Улыбка сама собой растягивает мои губы, когда я вижу Мишель.
– Рад видеть тебя живой, госпожа баронесса!
– И я тебя, господин капитан! – она лукаво улыбается в ответ. Легонько прикасается губами к моей щеке. От этого прикосновения я едва сдерживаюсь, чтобы не заграбастать ее в грубые объятия.
– Фиксирую выработку веществ из группы амфетаминов, – докладывает Триста двадцатый. На его языке это означает, что я испытываю сильное влечение, грозящее перейти в стойкую зависимость. Он уверяет меня, что это она и есть – любовь. Мои железы, ориентируясь по запаху и виду самки, вырабатывают вещество наслаждения. Вот вам и разгадка. Тоже мне – тайна. Нет-нет, наверное, любовь, это что-то другое. И прекрати, наконец, препарировать меня, глупая жестянка!
– Что ты наболтал этой акуле, наивный спаситель человечества?
Мои затуманенные мозги, наконец, включаются.
– Что? Кому наболтал? Кого ты имеешь ввиду, Мишель?
– Я имею в виду местную гиену новостей – мадам Бройде.
– Ничего особенного. Она задавала вопросы, я отвечал. Что-то не так?

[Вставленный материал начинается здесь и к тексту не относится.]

(* Let $S$ be an inverse semigroup and $\alpha=(A_s,\alpha_s)_{s\in S}$ a partial action of $S$ on a ring $A$. Define $\gamma_\alpha:S\to\mathcal{I}(A)$ by letting $\gamma_\alpha(s)$ be the bijection $A_{s^{-1}}\to A_s$ (between subsets of the underlying set of $A$) given by $\gamma_\alpha(s)(a)=\alpha_s(a)$. Then $\gamma_\alpha$ is an inverse semigroup premorphism.
   Context: $S$ is an inverse semigroup with set of idempotents $E(S)$ and natural partial order $s\preceq t$ iff $s=te$ for some $e\in E(S)$. A partial action of $S$ on a ring $A$ is a family of ideals $A_{ss^{-1}}$ of $A$, ideals $A_s$ of $A_{ss^{-1}}$, and ring isomorphisms $\alpha_s:A_{s^{-1}}\to A_s$ ($s\in S$) such that (P1') $A=\sum_{e\in E(S)}A_e$; (P2') $\alpha_s(A_{s^{-1}}\cap A_t)=A_s\cap A_{st}$ for all $s,t$; (P3') $\alpha_s(\alpha_t(a))=\alpha_{st}(a)$ for all $a\in A_{t^{-1}}\cap A_{(st)^{-1}}$. $\mathcal{I}(A)$ is the symmetric inverse semigroup of all bijections between subsets of the underlying set of $A$, under composition of partial maps. A map $\psi:S\to T$ between inverse semigroups is a premorphism if for all $s,t\in S$: (i) $\psi(s)\psi(t)\preceq\psi(st)$; (ii) $\psi(s)^{-1}=\psi(s^{-1})$; (iii) $s\preceq t$ implies $\psi(s)\preceq\psi(t)$. *)

theory Defs
  imports Main
begin

definition semigroup_on :: "'s set \<Rightarrow> ('s \<Rightarrow> 's \<Rightarrow> 's) \<Rightarrow> bool" where
  "semigroup_on S m \<longleftrightarrow> (\<forall>x\<in>S. \<forall>y\<in>S. m x y \<in> S) \<and>
     (\<forall>x\<in>S. \<forall>y\<in>S. \<forall>z\<in>S. m (m x y) z = m x (m y z))"

definition inverse_semigroup :: "'s set \<Rightarrow> ('s \<Rightarrow> 's \<Rightarrow> 's) \<Rightarrow> bool" where
  "inverse_semigroup S m \<longleftrightarrow> semigroup_on S m \<and>
     (\<forall>s\<in>S. \<exists>!t. t \<in> S \<and> m (m s t) s = s \<and> m (m t s) t = t)"

definition sinv :: "'s set \<Rightarrow> ('s \<Rightarrow> 's \<Rightarrow> 's) \<Rightarrow> 's \<Rightarrow> 's" where
  "sinv S m s = (THE t. t \<in> S \<and> m (m s t) s = s \<and> m (m t s) t = t)"

definition idems :: "'s set \<Rightarrow> ('s \<Rightarrow> 's \<Rightarrow> 's) \<Rightarrow> 's set" where
  "idems S m = {e \<in> S. m e e = e}"

definition nat_le :: "'s set \<Rightarrow> ('s \<Rightarrow> 's \<Rightarrow> 's) \<Rightarrow> 's \<Rightarrow> 's \<Rightarrow> bool" where
  "nat_le S m s t \<longleftrightarrow> (\<exists>e\<in>idems S m. s = m t e)"

definition premorphism ::
  "'s set \<Rightarrow> ('s \<Rightarrow> 's \<Rightarrow> 's) \<Rightarrow> 't set \<Rightarrow> ('t \<Rightarrow> 't \<Rightarrow> 't) \<Rightarrow> ('s \<Rightarrow> 't) \<Rightarrow> bool" where
  "premorphism S m T n \<psi> \<longleftrightarrow>
     (\<forall>s\<in>S. \<psi> s \<in> T) \<and>
     (\<forall>s\<in>S. \<forall>t\<in>S. nat_le T n (n (\<psi> s) (\<psi> t)) (\<psi> (m s t))) \<and>
     (\<forall>s\<in>S. sinv T n (\<psi> s) = \<psi> (sinv S m s)) \<and>
     (\<forall>s\<in>S. \<forall>t\<in>S. nat_le S m s t \<longrightarrow> nat_le T n (\<psi> s) (\<psi> t))"
(* Let $W\in\mathbb{C}^{N\times N}$ be Hermitian positive definite and let $\vec b\in\mathbb{C}^N$ with $\|\vec b\|_2=1$. Run the Lanczos iteration on $(W,\vec b)$ and suppose it terminates at step $n\le N$, producing the $n\times n$ Jacobi matrix $T=T(W,\vec b)$. Let $T=HH^T$ be the Cholesky factorization of $T$, where $H$ is the lower-bidiagonal $n\times n$ matrix with diagonal entries $\alpha_0,\alpha_1,\dots,\alpha_{n-1}>0$ and subdiagonal entries $\beta_0,\dots,\beta_{n-2}$ (i.e. $H_{j+1,j+1}=\alpha_j$, $H_{j+2,j+1}=\beta_j$). (a) For the conjugate gradient algorithm (CGA) applied to $W\vec x=\vec b$ with $\vec x_0=0$, for every $k<n$, $$\|\vec r_k(W,\vec b)\|_2=\prod_{j=0}^{k-1}\frac{\beta_j}{\alpha_j},\qquad \|\vec e_k(W,\vec b)\|_W=\|\vec r_k(W,\vec b)\|_2\sqrt{\vec f_1^*(L_kL_k^T)^{-1}\vec f_1},\quad L_k=H_{k+1:n,\,k+1:n}.$$ (b) For the MINRES algorithm applied to $W\vec x=\vec b$, for every $k<n$, $$\|\vec r_k(W,\vec b)\|_2=\Big(\sum_{j=0}^k\prod_{\ell=0}^{j-1}\frac{\alpha_\ell^2}{\beta_\ell^2}\Big)^{-1/2}$$ (empty products equal $1$). Moreover $\vec r_n=0$.
   Context: Lanczos iteration on $(W,\vec q_1)$, $\|\vec q_1\|_2=1$, $W=W^*$: set $b_{-1}=1$, $\vec q_0=0$; for $k=1,2,\dots$: $a_{k-1}=(W\vec q_k-b_{k-2}\vec q_{k-1})^*\vec q_k$, $\vec v_k=W\vec q_k-a_{k-1}\vec q_k-b_{k-2}\vec q_{k-1}$, $b_{k-1}=\|\vec v_k\|_2$; if $b_{k-1}\neq0$ set $\vec q_{k+1}=\vec v_k/b_{k-1}$, otherwise terminate. If it terminates at step $n$, $T(W,\vec q_1)$ is the $n\times n$ symmetric tridiagonal matrix with diagonal $a_0,\dots,a_{n-1}$ and off-diagonal $b_0,\dots,b_{n-2}$. The Krylov subspace is $\mathcal K_k=\mathrm{span}\{\vec b,W\vec b,\dots,W^{k-1}\vec b\}$. The $k$-th CGA iterate (with $\vec x_0=0$) is $\vec x_k=\mathrm{argmin}_{\vec y\in\mathcal K_k}\|\vec x-\vec y\|_W$ where $\vec x=W^{-1}\vec b$ and $\|\vec y\|_W^2=\vec y^*W\vec y$; the $k$-th MINRES iterate is $\vec x_k=\mathrm{argmin}_{\vec y\in\mathcal K_k}\|\vec b-W\vec y\|_2$. For either method $\vec r_k=\vec b-W\vec x_k$ and $\vec e_k=\vec x-\vec x_k$. $\vec f_1,\vec f_2,\dots$ is the standard basis; $H_{i:k,j:\ell}$ denotes the submatrix of rows $i..k$ and columns $j..\ell$. *)

theory Defs
  imports "HOL-Analysis.Analysis"
begin

definition cinner :: "complex^'n \<Rightarrow> complex^'n \<Rightarrow> complex" where
  "cinner y x = (\<Sum>i\<in>UNIV. cnj (y $ i) * x $ i)"

definition hermitian :: "complex^'n^'n \<Rightarrow> bool" where
  "hermitian W \<longleftrightarrow> (\<forall>i j. W $ i $ j = cnj (W $ j $ i))"
lemma hproj_in_cover_box:
  fixes z \<xi> :: "real^'n"
  assumes "CARD('n) \<ge> 2" and \<xi>: "\<xi> \<in> orthant_ball z r" and t: "coord_sum z - r < t"
    and M: "t - (coord_sum z - r) \<le> M" "coord_sum \<xi> - (coord_sum z - r) \<le> M"
  shows "hproj t \<xi> \<in> cover_box z r M m t"
proof -
  let ?s = "(coord_sum \<xi> - t) / real CARD('n)"
  have "\<bar>coord_sum \<xi> - t\<bar> \<le> M"
    using M t orthant_ball_coord_sum_gt[OF \<xi>] by linarith
  moreover have "\<bar>?s\<bar> \<le> \<bar>coord_sum \<xi> - t\<bar>"
    using assms(1) by (simp add: abs_divide divide_le_eq mult_le_cancel_left1)
  ultimately have "\<bar>?s\<bar> \<le> M"
    by linarith
  then have "max 0 (z $ i - r) - M \<le> \<xi> $ i - ?s \<and>
      \<xi> $ i - ?s \<le> max 0 (z $ i - r) - M + (min (z $ i) (min (coord_sum z - r) r) + 3 * M)" for i
    using orthant_ball_nth_gt[OF \<xi>, of i] orthant_ball_nth_lt[OF assms(1) \<xi>, of i] M
    unfolding abs_le_iff by linarith
  then show ?thesis
    by (simp add: cover_box_def sum_box_def coord_sum_hproj hproj_nth)
qed

lemma mu_ge_exp_emeasure:
  assumes "R \<in> sets lebesgue" and "R \<subseteq> A \<inter> pos_orthant" and "\<And>x. x \<in> R \<Longrightarrow> norm1 x \<le> c"
  shows "ennreal (exp (- c)) * emeasure lebesgue R \<le> mu A"
proof -
  have "ennreal (exp (- c)) * emeasure lebesgue R
      = (\<integral>\<^sup>+ x. ennreal (exp (- c)) * indicator R x \<partial>lebesgue)"
    using assms(1) by (simp add: nn_integral_cmult_indicator)
  also have "\<dots> \<le> mu A"
    unfolding mu_def using assms(2,3) by (intro nn_integral_mono) (auto simp: indicator_def)
  finally show ?thesis .
qed

lemma exists_scaled_down_with_sum:
  fixes c :: "'a \<Rightarrow> real"
  assumes "finite I" and c: "\<And>i. i \<in> I \<Longrightarrow> 0 < c i" and A: "0 < A" "A \<le> (\<Sum>i\<in>I. c i)"
  obtains a where "\<And>i. i \<in> I \<Longrightarrow> 0 < a i \<and> a i \<le> c i" and "(\<Sum>i\<in>I. a i) = A"
proof
  let ?\<theta> = "A / (\<Sum>i\<in>I. c i)"
  have "0 < ?\<theta>" "?\<theta> \<le> 1"
    using A by auto
  then show "0 < ?\<theta> * c i \<and> ?\<theta> * c i \<le> c i" if "i \<in> I" for i
    using c[OF that] mult_left_le_one_le[of "c i" ?\<theta>] by (simp del: times_divide_eq_left)
  show "(\<Sum>i\<in>I. ?\<theta> * c i) = A"
    using A by (simp only: sum_distrib_left[symmetric]) simp
qed

lemma sum_box_subset_orthant_ball:
  fixes z :: "real^'n" and m :: 'n and r :: real
  defines "b \<equiv> coord_sum z - r" and "\<epsilon> \<equiv> 1 / (4 * real CARD('n))"
  assumes a: "\<And>i. i \<noteq> m \<Longrightarrow> 0 < a i \<and> 0 \<le> h i \<and> a i + h i \<le> z $ i + \<epsilon>"
    and lower: "b + 2 - z $ m \<le> (\<Sum>i\<in>UNIV-{m}. a i)"
    and upper: "(\<Sum>i\<in>UNIV-{m}. a i + h i) < b + 1"
  shows "sum_box m a h (b + 1) (b + 2) \<subseteq> orthant_ball z r"
proof
  fix x assume x: "x \<in> sum_box m a h (b + 1) (b + 2)"
  then have x_i: "a i \<le> x $ i \<and> x $ i \<le> a i + h i" if "i \<noteq> m" for i
    using that by (simp add: sum_box_def)
  have "(\<Sum>i\<in>UNIV-{m}. a i) \<le> (\<Sum>i\<in>UNIV-{m}. x $ i)" "(\<Sum>i\<in>UNIV-{m}. x $ i) \<le> (\<Sum>i\<in>UNIV-{m}. a i + h i)"
    using x_i by (auto intro: sum_mono)
  then have x_m: "0 < x $ m" "x $ m \<le> z $ m"
    using x lower upper coord_sum_remove[of x m] by (auto simp: sum_box_def)
  have "0 < x $ i" for i
    using x_m(1) x_i[of i] a[of i] by (cases "i = m") auto
  then have "x \<in> pos_orthant"
    by (simp add: pos_orthant_def)
  have abs_i: "\<bar>z $ i - x $ i\<bar> \<le> (z $ i - x $ i) + 2 * \<epsilon>" if "i \<noteq> m" for i
    using x_i[OF that] a[OF that] by (simp add: abs_le_iff \<epsilon>_def)
  have "norm1 (z - x) = (z $ m - x $ m) + (\<Sum>i\<in>UNIV-{m}. \<bar>z $ i - x $ i\<bar>)"
    using norm1_remove[of "z - x" m] x_m by simp
  also have "\<dots> \<le> (z $ m - x $ m) + (\<Sum>i\<in>UNIV-{m}. (z $ i - x $ i) + 2 * \<epsilon>)"
    using abs_i by (intro add_left_mono sum_mono) auto
  also have "\<dots> = coord_sum z - coord_sum x + (real CARD('n) - 1) * (2 * \<epsilon>)"
    using coord_sum_remove[of z m] coord_sum_remove[of x m]
    by (simp add: sum.distrib sum_subtractf sum_const_UNIV_remove)
  also have "(real CARD('n) - 1) * (2 * \<epsilon>) < 1"
    by (simp add: \<epsilon>_def field_simps)
  finally have "norm1 (z - x) < r"
    using x by (simp add: sum_box_def b_def)
  then show "x \<in> orthant_ball z r"
    using \<open>x \<in> pos_orthant\<close> by (simp add: orthant_ball_def)
qed

lemma four_sum_le:
  fixes f :: "'n::finite \<Rightarrow> real"
  assumes "\<And>i. i \<noteq> m \<Longrightarrow> f i \<le> X / (4 * real CARD('n))" and "0 \<le> X"
  shows "4 * (\<Sum>i\<in>UNIV-{m}. f i) \<le> X"
proof -
  have "(\<Sum>i\<in>UNIV-{m}. f i) \<le> (\<Sum>i\<in>UNIV-{m}. X / (4 * real CARD('n)))"
    using assms(1) by (intro sum_mono) simp
  also have "\<dots> = (real CARD('n) - 1) / real CARD('n) * (X / 4)"
    by (simp add: sum_const_UNIV_remove)
  also have "\<dots> \<le> X / 4"
    using assms(2) by (intro mult_left_le_one_le) auto
  finally show ?thesis
    by simp
qed

lemma coord_sum_le_card_mult_max:
  "(\<And>i. x $ i \<le> x $ m) \<Longrightarrow> coord_sum x \<le> real CARD('n) * (x::real^'n) $ m"
  using sum_bounded_above[of UNIV "\<lambda>i. x $ i" "x $ m"] by (simp add: coord_sum_def)

lemma exists_between:
  fixes L U S :: real
  assumes "0 < S" "L \<le> S" "L < U" "0 < U"
  obtains A where "0 < A" "A \<le> S" "L \<le> A" "A < U"
proof
  show "0 < max L (min S U / 2)" "max L (min S U / 2) \<le> S" "L \<le> max L (min S U / 2)"
    "max L (min S U / 2) < U"
    using assms by auto
qed

lemma exists_sum_box_subset_orthant_ball:
  fixes z :: "real^'n" and m :: 'n and r :: real and h :: "'n \<Rightarrow> real"
  defines "b \<equiv> coord_sum z - r" and "\<epsilon> \<equiv> 1 / (4 * real CARD('n))" and "H \<equiv> \<Sum>i\<in>UNIV-{m}. h i"
  assumes "CARD('n) \<ge> 2" and h: "\<And>i. i \<noteq> m \<Longrightarrow> 0 \<le> h i \<and> h i < z $ i + \<epsilon>"
    and H: "2 + H \<le> r" "H + 1 < z $ m" "H < b + 1"
  obtains a where "sum_box m a h (b + 1) (b + 2) \<subseteq> orthant_ball z r"
proof -
  define c where "c i = z $ i + \<epsilon> - h i" for i
  have c_pos: "0 < c i" if "i \<in> UNIV - {m}" for i
    using h that by (simp add: c_def)
  then have S_pos: "0 < (\<Sum>i\<in>UNIV-{m}. c i)"
    using UNIV_remove_nonempty[OF assms(4)] by (intro sum_pos) auto
  have S_eq: "(\<Sum>i\<in>UNIV-{m}. c i) = b + r - z $ m + (real CARD('n) - 1) * \<epsilon> - H"
    using coord_sum_remove[of z m]
    by (simp add: c_def H_def b_def sum.distrib sum_subtractf sum_const_UNIV_remove)
  have "0 \<le> (real CARD('n) - 1) * \<epsilon>"
    by (simp add: \<epsilon>_def)
  obtain A where A: "0 < A" "A \<le> (\<Sum>i\<in>UNIV-{m}. c i)" "b + 2 - z $ m \<le> A" "A < b + 1 - H"
  proof (rule exists_between[OF S_pos])
    show "b + 2 - z $ m \<le> (\<Sum>i\<in>UNIV-{m}. c i)"
      using S_eq \<open>0 \<le> (real CARD('n) - 1) * \<epsilon>\<close> H(1) by linarith
    show "b + 2 - z $ m < b + 1 - H" "0 < b + 1 - H"
      using H(2,3) by linarith+
  qed
  obtain a where a: "\<And>i. i \<in> UNIV - {m} \<Longrightarrow> 0 < a i \<and> a i \<le> c i" and sum_a: "(\<Sum>i\<in>UNIV-{m}. a i) = A"
    using exists_scaled_down_with_sum[of "UNIV - {m}" c A] c_pos A(1,2) by auto
  have "sum_box m a h (b + 1) (b + 2) \<subseteq> orthant_ball z r"
    unfolding b_def
  proof (rule sum_box_subset_orthant_ball)
    show "0 < a i \<and> 0 \<le> h i \<and> a i + h i \<le> z $ i + 1 / (4 * real CARD('n))" if "i \<noteq> m" for i
      using a[of i] h[OF that] that by (simp add: c_def \<epsilon>_def)
    show "coord_sum z - r + 2 - z $ m \<le> (\<Sum>i\<in>UNIV-{m}. a i)"
      using A sum_a by (simp add: b_def)
    show "(\<Sum>i\<in>UNIV-{m}. a i + h i) < coord_sum z - r + 1"
      using A sum_a by (simp add: sum.distrib H_def[symmetric] b_def)
  qed
  then show thesis
    by (rule that)
qed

Мишель улыбается в ответ и просит, чтобы я поменьше болтал. Потому что нас с ней теперь поливают помоями по всем каналам. Так и сказала, честное слово. Мне было очень неловко перед ней. Я поклялся, что сказал только, что она мой друг. И больше ничего. А все остальное эти писаки выдумали.
– Я знаю, Юджин, – говорит она. И добавляет, что так уж этот их мир устроен. Один писака, желая сорвать гонорар, намекает на то, что ты никогда не упоминал о своей непричастности к смерти своей бабушки. Второй сразу же выясняет, что бабушка жива и здорова. Третий делает вывод, что она живет подальше от тебя, опасаясь за свою жизнь. Четвертый узнает, что в далеком детстве ты жутко обиделась, когда бабушка не разрешила тебе съесть лишнюю конфету. И через пару месяцев все вокруг абсолютно уверены, что у тебя руки по локоть в крови.
– Это называется – правильно расставить акценты?
– Ты прав. В самую точку, – смеется она.
– Это они так вранье называют?
– Опять попадание. Во всей этой истории только один плюс.
– Какой?
– Мои акции взлетели в цене.
– От этих сплетен?
– Ну да.
– А как же всякие финансовые климаты и режимы содействия инвестициям?
– Это для газет. Для плебса, – отмахивается она. – Погоди, вот скоро еще раздуют историю о гибели Карла. И снова акции подскочат. Сегодня я выгодно сбросила пакет убыточных астероидных шахт близ Силезии. Не поверишь, сколько я заработала на этой шумихе.
Так вот чем эта их популярность оказалась! Хотя мне такое развитие событий кажется несколько странным. Получается, что все, что нас окружает, работа тысяч людей, судьба целых предприятий и шахт зависят от настроения какого-то тупого борзописца? От сплетен?
Я отбрасываю ненужные вопросы и мы долго болтаем о пустяках. Мишель рассказывает мне о новом историческом голофильме. Я слушаю ее, не запомнив названия. Улыбаясь, вспоминает, как каталась на горных лыжах в Новых Альпах. По настоящему, не искусственному снегу. Я даже не обращаю внимания на то, что именно она говорит, завороженный ее мимикой. Мишель кладет на мой столик настоящую бумажную книгу. «Чтобы не скучно было», – говорит она.